Exercise details
Copy each line below in which the word "close" occurs.

Input material

Content starts

(* Suppose the support of $\mathbb F$ is $(0,1)$. Then any optimal monotone threshold mechanism for agent $i$ excludes a bottom type: there exists $\epsilon_i>0$ such that $x_i(s_i,s_{-i})=0$ for all $s_i\le\epsilon_i$ and all $s_{-i}$. Consequently, the efficient allocation $x_i(s_i,s_{-i})=\mathbb I\{\mathrm{LR}(s_i,s_{-i})\ge1\}$ is never optimal.
   Context: Setup. A state $\omega\in\{-1,+1\}$ is drawn with probability $1/2$ each. There are $n\ge 2$ agents. Conditional on $\omega$, signals $s_1,\dots,s_n$ are i.i.d. with distribution $\mathbb F_\omega$ on $[0,1]$, normalized so that $s_i=\mathbb P[\omega=+1\mid s_i]$. $\mathbb F_{-1},\mathbb F_{+1}$ are mutually absolutely continuous with densities; $\mathbb F=(\mathbb F_{-1}+\mathbb F_{+1})/2$ has density $f$, differentiable on its support with continuous derivative and $|f'/f|$ bounded. $\mathrm{LR}(E)=\mathbb P[E\mid\omega=+1]/\mathbb P[E\mid\omega=-1]$; $\mathrm{LR}(s_{-i})=\prod_{k\ne i}\frac{s_k}{1-s_k}$, $\mathrm{LR}(s_i,s_{-i})=\prod_k\frac{s_k}{1-s_k}$. A mechanism is a measurable $x$ mapping signal profiles to $[0,1]^n$ ($x_i(s)$ = probability agent $i$ gets a good worth $\omega$ to her, else $0$). Feasibility for agent $i$: for all types $s_i,\hat s_i$, (P) $\mathbb E[\omega x_i(s_i,s_{-i})\mid s_i]\ge0$ and (IC) $\mathbb E[\omega x_i(s_i,s_{-i})\mid s_i]\ge\mathbb E[\omega x_i(\hat s_i,s_{-i})\mid s_i]$. Optimal for agent $i$: maximizes $\mathbb E[x_i(s)]$ subject to (P),(IC). Monotone threshold mechanism: a partition of the signal space into intervals such that on each interval $S$, $x_i(s_i,s_{-i})=\kappa\,\mathbb I\{\mathrm{LR}(s_{-i})\ge\tau\}$ for some $\kappa\in[0,1]$, $\tau\ge0$. *)

theory Defs
  imports "HOL-Analysis.Analysis"
begin

text \<open>Agents are indexed by a finite type 'a (n = CARD('a)).  The conditional signal densities (w.r.t. Lebesgue measure) are
fp (state +1) and fm (state -1); the unconditional density is f = (fm + fp)/2.\<close>

definition mixf :: "(real \<Rightarrow> real) \<Rightarrow> (real \<Rightarrow> real) \<Rightarrow> real \<Rightarrow> real" where
  "mixf fp fm u = (fp u + fm u) / 2"

definition sig_profile :: "('a \<Rightarrow> real) \<Rightarrow> bool" where
  "sig_profile s \<longleftrightarrow> (\<forall>k. s k \<in> {0<..<1})"

definition LR_minus :: "'a::finite \<Rightarrow> ('a \<Rightarrow> real) \<Rightarrow> real" where
  "LR_minus i s = (\<Prod>k\<in>UNIV - {i}. s k / (1 - s k))"

definition LR_full :: "('a::finite \<Rightarrow> real) \<Rightarrow> real" where
  "LR_full s = (\<Prod>k\<in>UNIV. s k / (1 - s k))"

definition is_mechanism :: "(('a::finite \<Rightarrow> real) \<Rightarrow> 'a \<Rightarrow> real) \<Rightarrow> bool" where
  "is_mechanism x \<longleftrightarrow>
     (\<forall>i. (\<lambda>s. x s i) \<in> borel_measurable (PiM UNIV (\<lambda>_. lborel))) \<and>
     (\<forall>s i. sig_profile s \<longrightarrow> 0 \<le> x s i \<and> x s i \<le> 1)"

text \<open>cond_gain fp fm x i si t = E[omega * x_i(t, s_{-i}) | s_i = si].
  Given s_i = si, P[omega=+1 | si] = si, and s_{-i} has conditional density
  prod fp (resp. prod fm) given omega = +1 (resp. -1).\<close>
definition cond_gain ::
  "(real \<Rightarrow> real) \<Rightarrow> (real \<Rightarrow> real) \<Rightarrow> (('a::finite \<Rightarrow> real) \<Rightarrow> 'a \<Rightarrow> real) \<Rightarrow> 'a \<Rightarrow> real \<Rightarrow> real \<Rightarrow> real"
  where
  "cond_gain fp fm x i si t =
     (\<integral>r. (si * (\<Prod>k\<in>UNIV - {i}. fp (r k)) - (1 - si) * (\<Prod>k\<in>UNIV - {i}. fm (r k)))
           * x (r(i := t)) i \<partial>(PiM (UNIV - {i}) (\<lambda>_. lborel)))"
(* If $\mathscr{S}$ is a relaxed scenario, then $G_{=}(\mathscr{S})$ contains no induced cycle on $5$ vertices and no induced cycle on $\ell$ vertices for any $\ell\geq 7$. In particular, $G_{=}(\mathscr{S})$ is odd-hole free (contains no induced cycle of odd length greater than three).
   Context: All trees are planted phylogenetic trees: a tree $T$ has a distinguished vertex $0_T$ of degree $1$ whose unique neighbor $\rho_T$ is the root, and every vertex other than $0_T$ and the leaves $L(T)$ has at least two children. For $x,y\in V(T)$ write $y\preceq_T x$ if $x$ lies on the path from $0_T$ to $y$; edges are written $uv$ with $v\prec_T u$. $\mathrm{lca}_T$ denotes the last common ancestor. A time map for $T$ is $\tau_T\colon V(T)\to\mathbb{R}$ with $\tau_T(x)<\tau_T(y)$ whenever $x\prec_T y$. A relaxed scenario $\mathscr{S}=(T,S,\sigma,\mu,\tau_T,\tau_S)$ consists of a gene tree $T$ with time map $\tau_T$, a species tree $S$ with time map $\tau_S$, a map $\sigma\colon L(T)\to M$ with $M\subseteq L(S)$, and a map $\mu\colon V(T)\to V(S)\cup E(S)$ such that (S0) $\mu(x)=0_S$ iff $x=0_T$; (S1) $\mu(x)\in L(S)$ iff $x\in L(T)$, in which case $\mu(x)=\sigma(x)$; (S2) if $\mu(x)\in V(S)$ then $\tau_S(\mu(x))=\tau_T(x)$; (S3) if $\mu(x)=uv\in E(S)$ then $\tau_S(v)<\tau_T(x)<\tau_S(u)$. The EDT graph $G_{=}(\mathscr{S})$ has vertex set $L(T)$ and an edge $xy$ ($x\ne y$) iff $\tau_T(\mathrm{lca}_T(x,y))=\tau_S(\mathrm{lca}_S(\sigma(x),\sigma(y)))$. *)

theory Defs
  imports Complex_Main
begin

text \<open>A (planted, rooted) tree is given by a vertex set V, a set E of directed
  edges (u,v) with u the parent of v, and the planted vertex z (= 0_T).\<close>

definition children :: "('a \<times> 'a) set \<Rightarrow> 'a \<Rightarrow> 'a set" where
  "children E v = {w. (v, w) \<in> E}"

Content ends

Result of the exercise
fp (state +1) and fm (state -1); the unconditional density is f = (fm + fp)/2.\<close>
  prod fp (resp. prod fm) given omega = +1 (resp. -1).\<close>
  edges (u,v) with u the parent of v, and the planted vertex z (= 0_T).\<close>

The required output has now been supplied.